BRIEF DESCRIPTION OF THE DRAWINGS

[0013] Reference will now be made, by way of example, to the accompanying drawings which show example embodiments of the present application, and in which :

[0014] Figure 1 is a block diagram illustrating a collaborative media transcription system according to example implementations.

[0015] Figure 2 is a block diagram of an example computing system that may be used to implement examples of the present disclosure.

[0016] Figure 3 is a block diagram illustrating modules of the collaborative media transcription system of Figure 1 according to example implementations.

[0017] Figure 4 illustrates a transmission queue stored at a media capture and communication device of the collaborative media transcription system of Figure 1.

[0018] Figure 5 is a block diagram illustrating a sequence of network validation operations that can be performed by the media capture and communication device. [0019] Figure 6 is a flow diagram of operations performed by the media capture and communication device of the collaborative media transcription system of Figure 1.

[0020] Figure 7 is a flow diagram of operations performed by a transcription system of the collaborative media transcription system of Figure 1, according to example embodiments.

[0021] Similar reference numerals may have been used in different figures to denote similar components.

DESCRIPTION OF EXAMPLE EMBODIMENTS

[0022] According to an example embodiment, a collaborative media transcription system is disclosed that can mitigate against connectivity failures that may occur between a media capture and communication (MCC) device and an Internet based (e.g., Cloud based) media processing and distribution system that includes a collaborative transcription editing system.

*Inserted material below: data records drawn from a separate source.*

definition pw_pleth :: "symf \<Rightarrow> nat multiset \<Rightarrow> symf" where
  "pw_pleth g la = prod_mset (image_mset (\<lambda>i. adams i g) la)"

lemma pleth_eq_lin_ext: "pleth f g = lin_ext (pw_pleth g) f"
  unfolding pleth_def lin_ext_def pw_pleth_def ..

lemma pleth_1: "pleth 1 g = 1"
  using lin_ext_pw[of "pw_pleth g" "{#}"] by (simp add: pleth_eq_lin_ext pw_pleth_def)

lemma pw_pleth_add_mset: "pw_pleth g (add_mset i la) = adams i g * pw_pleth g la"
  by (simp add: pw_pleth_def)

lemma dp1_pw_pleth: "dp1 (pw_pleth g la) = of_nat (count la 1) * dp1 g * pw_pleth g (la - {#1#})"
proof (induction la)
  case empty
  show ?case
    using dp1_sconst[of 1] by (simp add: pw_pleth_def)
next
  case (add i la)
  show ?case
  proof (cases "i = 1")
    case True
    have "pw_pleth g la = g * pw_pleth g (la - {#1#})" if "1 \<in># la"
      using that by (metis adams_1 pw_pleth_add_mset insert_DiffM)
    then have "g * dp1 (pw_pleth g la) = of_nat (count la 1) * dp1 g * pw_pleth g la"
      unfolding add.IH by (cases "1 \<in># la") (simp_all add: not_in_iff mult.left_commute)
    moreover have "dp1 (pw_pleth g (add_mset i la)) = dp1 g * pw_pleth g la + g * dp1 (pw_pleth g la)"
      unfolding True pw_pleth_add_mset adams_1 dp1_mult ..
    ultimately show ?thesis
      using True by (simp add: distrib_right)
  next
    case False
    then show ?thesis
      using add.IH by (simp add: pw_pleth_add_mset dp1_mult dp1_adams mult.left_commute)
  qed
qed

lemma dp1_pleth: "dp1 (pleth f g) = pleth (dp1 f) g * dp1 g"
proof -
  have "dp1 (pleth f g) = (\<Sum>la\<in>Poly_Mapping.keys f. sconst (Poly_Mapping.lookup f la) *
      (sconst (of_nat (count la 1)) * pw_pleth g (la - {#1#}) * dp1 g))"
    unfolding pleth_eq_lin_ext dp1_lin_ext unfolding lin_ext_def dp1_pw_pleth sconst_of_nat
    by (rule sum.cong[OF refl]) (simp only: mult.commute mult.left_commute mult.assoc)
  also have "\<dots> = pleth (dp1 f) g * dp1 g"
    unfolding pleth_eq_lin_ext lin_ext_dp1 sum_distrib_right by (simp only: mult.assoc)
  finally show ?thesis .
qed

definition omega_sign :: "nat multiset \<Rightarrow> complex" where
  "omega_sign \<mu> = (-1) ^ (sum_mset \<mu> - size \<mu>)"

lemma omega_eq_lin_ext: "omega F = lin_ext (\<lambda>\<mu>. sconst (omega_sign \<mu>) * pw \<mu>) F"
proof -
  have "Poly_Mapping.single \<mu> (s * a) = sconst a * (sconst s * pw \<mu>)" for \<mu> s a
    by (simp only: sconst_mult_pw sconst_mult_single mult.commute[of a s])
  then show ?thesis
    unfolding omega_def lin_ext_def omega_sign_def by simp
qed

lemma omega_pw: "omega (pw \<mu>) = sconst (omega_sign \<mu>) * pw \<mu>"
  unfolding omega_eq_lin_ext lin_ext_pw ..

lemma omega_sign_diff_1:
  assumes "1 \<in># \<mu>"
  shows "omega_sign (\<mu> - {#1#}) = omega_sign \<mu>"
proof -
  obtain \<nu> where "\<mu> = add_mset 1 \<nu>"
    using assms by (metis multi_member_split)
  then show ?thesis
    by (simp add: omega_sign_def)
qed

[0023] By way of context, an illustrative example of a connectivity failure, referred to as a "train tunnel scenario", can be described as follows:

[0024] 1. A journalist wants to use a mobile device to capture a media content stream for an interview of a high ranking politician on a train and send the media content stream using a wireless network connection to an Internet based system to be transcribed in real time, with the transcription viewed and edited by the journalist's colleagues (for example at a news desk), along with the original media content. [0025] 2. Should the train enter a tunnel, the data signal used to transmit the media content stream could potentially be lost.

[0026] 3. It is essential the interview be recorded accurately with no data lost during the transmission process.

[0027] 4. It is also important for the interview to be sent to the news desk as a transcription as quickly as possible, and as close to real time as possible.

[0028] In some examples, connectivity failure can last a few seconds. In other examples, connectively failure may extend over much longer time periods for example hours or days. Example embodiments are described that can address issues that arise from short connectivity failures that last seconds in durations to longer connectivity failures that can extend over hours or even days.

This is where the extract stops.